Uses the standard git loose object layout with atomic writes (temp file + rename) and lock-file compare-and-swap for ref updates.

S3

repo = %Repo{
id: "my-repo",
storage: ExGitObjectstore.Storage.S3,
storage_config: %{
bucket: "my-git-bucket",
prefix: "repos/my-repo",
ex_aws_config: [
access_key_id: "...",
secret_access_key: "...",
region: "us-east-1"
]
}
}

Works with AWS S3, MinIO, or any S3-compatible service. Handles pagination for repositories with many objects.

Memory

repo = %Repo{
id: "my-repo",
storage: ExGitObjectstore.Storage.Memory,
storage_config: %{}
}

Stores everything in an ETS table. Useful for testing and ephemeral operations.

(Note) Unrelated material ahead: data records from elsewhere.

lemma (in prob_space) prob_abs_normal_le_erf:
  assumes X: "distributed M lborel X (normal_density 0 \<sigma>)" and "\<sigma> > 0" and "x \<ge> 0"
  shows "measure M {\<omega>\<in>space M. \<bar>X \<omega>\<bar> \<le> sqrt 2 * \<sigma> * x} = erf x"
proof -
  have Z: "distributed M lborel (\<lambda>\<omega>. X \<omega> / (sqrt 2 * \<sigma>)) (normal_density 0 (1 / sqrt 2))"
    using normal_density_affine[OF X \<open>\<sigma> > 0\<close>, of "1 / (sqrt 2 * \<sigma>)" 0] \<open>\<sigma> > 0\<close> by simp
  have "{\<omega>\<in>space M. \<bar>X \<omega>\<bar> \<le> sqrt 2 * \<sigma> * x} = {\<omega>\<in>space M. \<bar>X \<omega> / (sqrt 2 * \<sigma>)\<bar> \<le> x}"
    using \<open>\<sigma> > 0\<close> by (auto simp: abs_div pos_divide_le_eq mult.commute)
  then show ?thesis by (simp only: prob_abs_le_eq_erf[OF prob_space_axioms Z \<open>x \<ge> 0\<close>])
qed

text \<open>The weighted sum is normal with standard deviation
  \<open>\<sigma> = (\<Sum> g\<^sub>i\<^sup>2 \<nu>\<^sub>i\<^sup>2)\<^sup>1\<^sup>/\<^sup>2 \<le> \<Sum> |g\<^sub>i| \<nu>\<^sub>i\<close>.\<close>

lemma (in prob_space) prob_abs_weighted_sum_normal_le:
  fixes r :: nat and \<xi> :: "nat \<Rightarrow> 'a \<Rightarrow> real"
  assumes indep: "indep_vars (\<lambda>_. borel) \<xi> {0..r}"
    and normal: "\<forall>i\<le>r. \<nu> i > 0 \<and> distributed M lborel (\<xi> i) (normal_density 0 (\<nu> i))"
    and "\<exists>i\<le>r. g i \<noteq> 0" and "0 < \<epsilon>" and "\<epsilon> < 1"
  shows "measure M {\<omega>\<in>space M. \<bar>\<Sum>i\<le>r. g i * \<xi> i \<omega>\<bar>
                      \<le> sqrt 2 * erf_inv (1 - \<epsilon>) * (\<Sum>i\<le>r. \<bar>g i\<bar> * \<nu> i)} \<ge> 1 - \<epsilon>"
proof -
  define I where "I = {i. i \<le> r \<and> g i \<noteq> 0}"
  define \<sigma> where "\<sigma> = sqrt (\<Sum>i\<in>I. (\<bar>g i\<bar> * \<nu> i)\<^sup>2)"
  let ?e = "erf_inv (1 - \<epsilon>)" and ?S = "\<lambda>\<omega>. \<Sum>i\<le>r. g i * \<xi> i \<omega>"
  have "finite I" by (rule finite_subset[of _ "{..r}"]) (auto simp: I_def)
  have "I \<noteq> {}" using assms(3) by (auto simp: I_def)
  have pos: "0 < \<bar>g i\<bar> * \<nu> i" if "i \<in> I" for i using normal that by (auto simp: I_def)
  then have "\<sigma> > 0"
    unfolding \<sigma>_def using \<open>finite I\<close> \<open>I \<noteq> {}\<close>
    by (intro real_sqrt_gt_zero sum_pos zero_less_power pos) auto
  have sum_I: "?S \<omega> = (\<Sum>i\<in>I. g i * \<xi> i \<omega>)" for \<omega>
    by (rule sum.mono_neutral_right) (auto simp: I_def)
  have "distributed M lborel ?S (normal_density 0 \<sigma>)"
    unfolding \<sigma>_def sum_I using normal \<open>finite I\<close> \<open>I \<noteq> {}\<close>
    by (intro distributed_weighted_sum_normal indep_vars_subset[OF indep]) (auto simp: I_def)
  moreover have "?e \<ge> 0" using erf_erf_inv(2) assms(4,5) by simp
  ultimately have prob: "measure M {\<omega>\<in>space M. \<bar>?S \<omega>\<bar> \<le> sqrt 2 * \<sigma> * ?e} = 1 - \<epsilon>"
    using prob_abs_normal_le_erf[of ?S \<sigma> ?e] erf_erf_inv(1) assms(4,5) \<open>\<sigma> > 0\<close> by simp
  have "\<sigma> \<le> (\<Sum>i\<in>I. \<bar>g i\<bar> * \<nu> i)"
    unfolding \<sigma>_def using pos by (simp add: L2_set_def[symmetric] L2_set_le_sum less_imp_le)
  also have "\<dots> \<le> (\<Sum>i\<le>r. \<bar>g i\<bar> * \<nu> i)"
    using normal by (intro sum_mono2) (auto simp: I_def less_imp_le)
  finally have scale: "sqrt 2 * \<sigma> * ?e \<le> sqrt 2 * ?e * (\<Sum>i\<le>r. \<bar>g i\<bar> * \<nu> i)"
    using mult_right_mono[of \<sigma> "\<Sum>i\<le>r. \<bar>g i\<bar> * \<nu> i" "sqrt 2 * ?e"] \<open>?e \<ge> 0\<close>
    by (simp add: mult_ac)
  have subset: "{\<omega>\<in>space M. \<bar>?S \<omega>\<bar> \<le> sqrt 2 * \<sigma> * ?e}
      \<subseteq> {\<omega>\<in>space M. \<bar>?S \<omega>\<bar> \<le> sqrt 2 * ?e * (\<Sum>i\<le>r. \<bar>g i\<bar> * \<nu> i)}"
    using scale by (auto intro: order.trans)
  have "\<xi> i \<in> borel_measurable M" if "i \<le> r" for i
    using distributed_measurable[of M lborel "\<xi> i"] normal that by auto
  then have [measurable]: "?S \<in> borel_measurable M"
    by (intro borel_measurable_sum borel_measurable_times borel_measurable_const) auto
  have "{\<omega>\<in>space M. \<bar>?S \<omega>\<bar> \<le> sqrt 2 * ?e * (\<Sum>i\<le>r. \<bar>g i\<bar> * \<nu> i)} \<in> sets M"
    by measurable
  then show ?thesis using finite_measure_mono[OF subset] prob by simp
qed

Git protocol v2 capability matrix

UploadPackV2 and ReceivePack are validated against a real git CLI via the integration test suite. The table below lists every capability / sub-argument the protocol v2 spec defines and the current implementation status.

UploadPack

Capability / argument Status Notes
version 2 ✅ supported Capability advert emitted on connect.
ls-refs ✅ supported ref-prefix, symrefs, peel, unborn all honoured. HEAD advertised as a symref when requested. Annotated tags peel to a recursive target (depth capped at 10).
fetch=shallow ✅ supported deepen <n>, deepen-since <ts>, deepen-not <ref>, deepen-relative, shallow <sha> all honoured. shallow-info section emitted when the walker surfaces any new / unshallow boundary.
fetch=wait-for-done ✅ supported Client --negotiate-only works end-to-end.
fetch=filter (partial) ✅ supported blob:none, blob:limit=<n>[k|m|g], tree:<n>, object:type=<t>, sparse:oid=<oid>, combine:a+b+…. Invalid specs are rejected with a band-3 ERR reply. Lazy promisor fetches (blob/tree wants) bypass the filter.
server-option ✅ advertised Server accepts server-option <value> lines in fetch requests; currently a no-op (parsed but not acted on).
object-format=sha1 ✅ supported Only SHA-1 is supported. SHA-256 is out of scope.
Multi-round negotiation ✅ supported Client may send haves across multiple rounds without done; stateful session persists until packfile is sent.
packfile-uris ❌ not supported No CDN-offloaded pack URIs.
wanted-refs ❌ not supported Server never emits a wanted-refs section.
Protocol v0 / v1 ❌ not supported Clients must request v2 (git 2.26+ does by default).

ReceivePack

Capability Status Notes
report-status ✅ supported Per-ref ok / ng lines returned.
delete-refs ✅ supported Push of zero-sha → ref deletes.
atomic ✅ supported Two-phase validate-then-commit with rollback on mid-batch failure. Atomicity is best-effort at the storage layer — see Documentation/atomic.md.
report-status-v2 ❌ not supported Only v1 status lines are emitted.
side-band-64k ❌ not supported Status goes in-band.
quiet ❌ not supported Ignored; hooks still fire.
ofs-delta (write-side) ❌ not supported Pack writer stores full objects only; thin-pack reading via REF_DELTA is fully supported.

Known Limitations

  • ofs-delta generation — pack writer stores full objects only, no delta compression on the write side.
  • Atomic ref updates are validation-based with rollback from a pre-flight snapshot, not a native multi-key storage transaction. A VM crash mid-rollback can leave refs partially applied. Failures are logged via Logger.error and emitted as a [:ex_git_objectstore, :protocol, :receive_pack, :rollback_failed] telemetry event.

License

Copyright 2026 Cole Christensen

Licensed under the Apache License, Version 2.0. See LICENSE for details.